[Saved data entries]

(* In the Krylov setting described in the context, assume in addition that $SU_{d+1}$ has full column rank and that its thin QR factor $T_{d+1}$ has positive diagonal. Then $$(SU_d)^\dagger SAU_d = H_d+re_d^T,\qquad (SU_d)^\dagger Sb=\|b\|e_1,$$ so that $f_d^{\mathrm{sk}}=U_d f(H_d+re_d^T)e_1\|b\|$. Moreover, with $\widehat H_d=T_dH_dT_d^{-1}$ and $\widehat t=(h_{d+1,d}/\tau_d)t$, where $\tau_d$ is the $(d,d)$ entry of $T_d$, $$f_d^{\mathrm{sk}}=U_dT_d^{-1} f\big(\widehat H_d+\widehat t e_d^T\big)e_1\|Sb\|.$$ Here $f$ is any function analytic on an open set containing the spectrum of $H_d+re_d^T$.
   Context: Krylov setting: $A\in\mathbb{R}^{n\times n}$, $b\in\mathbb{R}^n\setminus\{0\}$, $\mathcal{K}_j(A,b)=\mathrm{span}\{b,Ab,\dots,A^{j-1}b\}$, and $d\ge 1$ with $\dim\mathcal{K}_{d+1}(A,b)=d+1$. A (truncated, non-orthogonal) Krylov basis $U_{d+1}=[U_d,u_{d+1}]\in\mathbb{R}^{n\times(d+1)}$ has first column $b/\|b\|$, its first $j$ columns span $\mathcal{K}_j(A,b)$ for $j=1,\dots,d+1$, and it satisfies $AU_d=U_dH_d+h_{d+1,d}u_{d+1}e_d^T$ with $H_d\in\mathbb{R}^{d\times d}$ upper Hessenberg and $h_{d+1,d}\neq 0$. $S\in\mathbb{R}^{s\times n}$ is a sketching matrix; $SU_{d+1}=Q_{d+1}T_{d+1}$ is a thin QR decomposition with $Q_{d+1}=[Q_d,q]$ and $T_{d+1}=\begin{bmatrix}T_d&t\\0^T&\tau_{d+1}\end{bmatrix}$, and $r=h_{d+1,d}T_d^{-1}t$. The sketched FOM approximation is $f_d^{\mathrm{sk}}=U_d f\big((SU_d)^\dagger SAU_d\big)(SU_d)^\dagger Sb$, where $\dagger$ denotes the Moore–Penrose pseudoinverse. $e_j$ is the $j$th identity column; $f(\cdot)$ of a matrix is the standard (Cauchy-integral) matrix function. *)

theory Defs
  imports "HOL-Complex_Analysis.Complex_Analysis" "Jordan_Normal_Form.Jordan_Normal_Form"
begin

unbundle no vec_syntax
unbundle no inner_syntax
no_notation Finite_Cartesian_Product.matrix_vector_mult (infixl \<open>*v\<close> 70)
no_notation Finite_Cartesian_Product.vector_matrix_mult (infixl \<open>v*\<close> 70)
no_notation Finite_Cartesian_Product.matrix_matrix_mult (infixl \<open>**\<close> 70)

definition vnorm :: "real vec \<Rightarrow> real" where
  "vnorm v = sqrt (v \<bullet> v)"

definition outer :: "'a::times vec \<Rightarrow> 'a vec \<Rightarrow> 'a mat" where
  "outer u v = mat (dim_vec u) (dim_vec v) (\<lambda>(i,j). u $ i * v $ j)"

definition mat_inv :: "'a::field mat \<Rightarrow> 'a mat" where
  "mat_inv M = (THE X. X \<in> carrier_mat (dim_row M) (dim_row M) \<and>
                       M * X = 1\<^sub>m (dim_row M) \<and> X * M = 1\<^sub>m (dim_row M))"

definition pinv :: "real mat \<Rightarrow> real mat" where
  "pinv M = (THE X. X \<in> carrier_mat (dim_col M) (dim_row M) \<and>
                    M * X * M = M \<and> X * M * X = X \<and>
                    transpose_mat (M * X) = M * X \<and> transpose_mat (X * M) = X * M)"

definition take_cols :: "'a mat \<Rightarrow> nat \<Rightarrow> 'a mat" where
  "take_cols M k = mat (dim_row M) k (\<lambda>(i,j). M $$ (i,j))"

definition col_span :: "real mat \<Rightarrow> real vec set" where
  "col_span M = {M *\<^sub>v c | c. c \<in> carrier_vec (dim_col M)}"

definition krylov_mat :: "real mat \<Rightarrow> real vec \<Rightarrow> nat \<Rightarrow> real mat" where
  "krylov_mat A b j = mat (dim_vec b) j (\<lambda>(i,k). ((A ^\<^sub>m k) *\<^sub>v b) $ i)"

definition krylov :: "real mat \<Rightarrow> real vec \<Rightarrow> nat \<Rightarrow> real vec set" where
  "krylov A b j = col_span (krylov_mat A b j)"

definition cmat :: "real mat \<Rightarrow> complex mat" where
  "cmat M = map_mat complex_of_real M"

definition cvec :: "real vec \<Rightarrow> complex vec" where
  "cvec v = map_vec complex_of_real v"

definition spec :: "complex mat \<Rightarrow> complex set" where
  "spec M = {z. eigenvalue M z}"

--

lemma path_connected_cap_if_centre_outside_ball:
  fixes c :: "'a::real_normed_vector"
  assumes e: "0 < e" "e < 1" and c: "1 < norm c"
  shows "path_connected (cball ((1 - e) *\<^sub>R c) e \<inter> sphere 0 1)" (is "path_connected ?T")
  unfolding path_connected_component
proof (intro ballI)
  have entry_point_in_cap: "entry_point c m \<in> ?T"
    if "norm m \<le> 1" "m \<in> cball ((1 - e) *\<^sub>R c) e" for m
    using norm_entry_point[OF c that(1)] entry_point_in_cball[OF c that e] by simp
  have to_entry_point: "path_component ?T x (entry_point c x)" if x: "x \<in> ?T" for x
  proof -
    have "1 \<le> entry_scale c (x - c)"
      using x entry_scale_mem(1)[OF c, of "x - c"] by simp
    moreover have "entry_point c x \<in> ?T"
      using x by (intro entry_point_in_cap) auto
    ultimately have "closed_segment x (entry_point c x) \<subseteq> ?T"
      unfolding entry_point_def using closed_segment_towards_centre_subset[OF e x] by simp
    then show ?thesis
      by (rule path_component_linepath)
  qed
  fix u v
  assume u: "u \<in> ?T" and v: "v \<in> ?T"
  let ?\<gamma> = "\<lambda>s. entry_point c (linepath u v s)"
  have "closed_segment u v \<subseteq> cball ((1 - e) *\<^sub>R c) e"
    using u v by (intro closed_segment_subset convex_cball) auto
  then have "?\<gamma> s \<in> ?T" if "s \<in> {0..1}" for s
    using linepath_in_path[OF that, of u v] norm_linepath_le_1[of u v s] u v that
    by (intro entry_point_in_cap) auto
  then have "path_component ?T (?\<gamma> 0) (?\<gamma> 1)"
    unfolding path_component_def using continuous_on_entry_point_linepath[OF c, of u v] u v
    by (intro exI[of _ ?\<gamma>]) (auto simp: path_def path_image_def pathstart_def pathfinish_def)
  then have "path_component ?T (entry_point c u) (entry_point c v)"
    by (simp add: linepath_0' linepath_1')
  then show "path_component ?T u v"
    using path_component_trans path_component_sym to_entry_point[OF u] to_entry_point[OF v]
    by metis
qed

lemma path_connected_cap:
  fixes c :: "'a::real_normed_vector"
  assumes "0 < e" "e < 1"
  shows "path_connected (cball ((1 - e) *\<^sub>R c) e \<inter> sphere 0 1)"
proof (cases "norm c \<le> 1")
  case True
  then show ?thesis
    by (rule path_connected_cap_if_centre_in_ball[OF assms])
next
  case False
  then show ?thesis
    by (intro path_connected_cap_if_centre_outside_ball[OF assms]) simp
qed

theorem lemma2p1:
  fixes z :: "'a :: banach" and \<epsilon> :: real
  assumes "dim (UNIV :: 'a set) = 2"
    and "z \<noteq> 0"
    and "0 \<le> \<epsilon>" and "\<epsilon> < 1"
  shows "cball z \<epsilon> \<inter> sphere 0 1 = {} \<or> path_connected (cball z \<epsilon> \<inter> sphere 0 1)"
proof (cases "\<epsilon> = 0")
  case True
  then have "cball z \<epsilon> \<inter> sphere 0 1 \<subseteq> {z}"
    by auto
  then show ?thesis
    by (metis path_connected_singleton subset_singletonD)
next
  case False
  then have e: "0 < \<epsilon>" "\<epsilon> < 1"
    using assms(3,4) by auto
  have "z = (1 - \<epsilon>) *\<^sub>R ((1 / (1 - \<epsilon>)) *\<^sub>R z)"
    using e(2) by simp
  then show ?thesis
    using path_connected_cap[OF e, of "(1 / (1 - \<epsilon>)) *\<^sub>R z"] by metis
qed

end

__WORK INSTRUCTION__: A word-for-word copy of the lines above from the one with "M * X = 1\<^sub>m" through the one with "mat \<Rightarrow> nat", inclusive, is the only output wanted.

__RESPONSE__:
                       M * X = 1\<^sub>m (dim_row M) \<and> X * M = 1\<^sub>m (dim_row M))"

definition pinv :: "real mat \<Rightarrow> real mat" where
  "pinv M = (THE X. X \<in> carrier_mat (dim_col M) (dim_row M) \<and>
                    M * X * M = M \<and> X * M * X = X \<and>
                    transpose_mat (M * X) = M * X \<and> transpose_mat (X * M) = X * M)"

definition take_cols :: "'a mat \<Rightarrow> nat \<Rightarrow> 'a mat" where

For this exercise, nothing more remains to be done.